During periods of acute and chronic renal injury, glomerular filtration and renal excretion are reduced. This often necessitates reducing the dose and/or lengthening dosing intervals for pharmaceuticals that are cleared renally. While decreases in renal blood flow, metabolism and glomerular filtration are likely determinants of reduced renal filtration and consequently drug elimination, it is unknown whether the expression and/or function of drug transporters in the kidneys are altered during drug-induced renal damage.

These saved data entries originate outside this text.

lemma det_ext_idx_block:
  fixes A :: "'a::comm_ring_1^('n::finite ext_idx)^('n ext_idx)"
  assumes row_C: "\<And>k. k \<noteq> C \<Longrightarrow> A $ C $ k = 0"
    and col_T: "\<And>k. k \<noteq> T \<Longrightarrow> A $ k $ T = 0"
  shows "det A = A $ C $ C * A $ T $ T * det (\<chi> i j. A $ X i $ X j :: 'a^'n^'n)"
proof -
  let ?term = "\<lambda>p. of_int (sign p) * (\<Prod>k\<in>UNIV. A $ k $ p k)"
  let ?lift = "\<lambda>q k. if k \<in> range X then X (q (inv X k)) else k"
  have lift: "?lift q = map_permutation UNIV X q" for q :: "'n \<Rightarrow> 'n"
    by (simp add: fun_eq_iff map_permutation_def restrict_id_def)
  have "det A = (\<Sum>p | p permutes UNIV. ?term p)"
    unfolding det_def ..
  also have "\<dots> = (\<Sum>p | p permutes range X. ?term p)"
  proof (rule sum.mono_neutral_right)
    show "finite {p. p permutes (UNIV :: 'n ext_idx set)}"
      by (simp add: finite_permutations)
    show "{p. p permutes range X} \<subseteq> {p. p permutes (UNIV :: 'n ext_idx set)}"
      by (auto intro: permutes_subset)
    show "\<forall>p \<in> {p. p permutes UNIV} - {p. p permutes range X}. ?term p = 0"
    proof
      fix p assume "p \<in> {p. p permutes UNIV} - {p. p permutes (range X :: 'n ext_idx set)}"
      then have p: "p permutes UNIV" and moved: "p T \<noteq> T \<or> p C \<noteq> C"
        by (auto simp: permutes_range_X_iff)
      from moved have "\<exists>k. A $ k $ p k = 0"
      proof
        assume "p T \<noteq> T"
        then have "inv p T \<noteq> T" and "p (inv p T) = T"
          using permutes_inverses(1)[OF p] by metis+
        then show ?thesis using col_T by metis
      qed (use row_C in metis)
      then show "?term p = 0" by (metis UNIV_I finite mult_zero_right prod_zero)
    qed
  qed
  also have "\<dots> = (\<Sum>q | q permutes (UNIV :: 'n set). ?term (?lift q))"
    by (rule sum.reindex_bij_betw[symmetric])
      (rule bij_betw_permutations, simp add: bij_betw_def inj_def)
  also have "\<dots> = (\<Sum>q | q permutes (UNIV :: 'n set).
      A $ C $ C * A $ T $ T * (of_int (sign q) * (\<Prod>i\<in>UNIV. A $ X i $ X (q i))))"
  proof (rule sum.cong)
    fix q :: "'n \<Rightarrow> 'n" assume "q \<in> {q. q permutes UNIV}"
    then have "sign (?lift q) = sign q"
      unfolding lift by (intro sign_map_permutation) (auto simp: inj_def)
    moreover have "?lift q (X i) = X (q i)" "?lift q T = T" "?lift q C = C" for i
      by (auto simp: inj_def)
    ultimately show "?term (?lift q) = A $ C $ C * A $ T $ T * (of_int (sign q) * (\<Prod>i\<in>UNIV. A $ X i $ X (q i)))"
      by (simp only: prod_ext_idx) (simp add: algebra_simps)
  qed simp
  also have "\<dots> = A $ C $ C * A $ T $ T * det (\<chi> i j. A $ X i $ X j :: 'a^'n^'n)"
    by (simp add: det_def sum_distrib_left)
  finally show ?thesis .
qed

lemma inner_matrix_vector_transpose:
  fixes A :: "real^'m::finite^'m"
  shows "u \<bullet> (A *v v) = v \<bullet> (transpose A *v u)"
  by (metis dot_lmul_matrix inner_commute vector_transpose_matrix)

lemma congruence_matrix_nth:
  fixes S :: "real^'m::finite^'m"
  shows "((\<chi> a. u a) ** S ** transpose (\<chi> b. v b)) $ a $ b = u a \<bullet> (S *v v b)"
proof -
  have "((\<chi> a. u a) ** S ** transpose (\<chi> b. v b)) $ a $ b
      = (\<Sum>l\<in>UNIV. \<Sum>k\<in>UNIV. u a $ k * S $ k $ l * v b $ l)"
    by (simp add: matrix_matrix_mult_def transpose_def sum_distrib_right)
  also have "\<dots> = (\<Sum>k\<in>UNIV. \<Sum>l\<in>UNIV. u a $ k * S $ k $ l * v b $ l)"
    by (rule sum.swap)
  also have "\<dots> = u a \<bullet> (S *v v b)"
    by (simp add: inner_vec_def matrix_vector_mult_def sum_distrib_left mult.assoc)
  finally show ?thesis .
qed

lemma det_scaleR: "det (c *\<^sub>R A) = c ^ CARD('n) * det (A :: real^'n::finite^'n)"
  by (simp add: det_def prod.distrib sum_distrib_left mult.left_commute)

Cisplatin is an effective antineoplastic drug for the treatment of solid tumors, although its clinical use is often limited because of adverse effects on renal function. Nephrotoxicity can be observed in as many as 38% of patients after a single dose of cisplatin (100 mg/m2) (Shord et al., 2006). This side effect often delays or precludes subsequent chemotherapy cycles, thereby reducing the overall antineoplastic efficacy of cisplatin. Rodents and humans develop renal injury at comparable doses (15–20 mg/kg in mice is equivalent to 45–60 mg/mm2 in humans).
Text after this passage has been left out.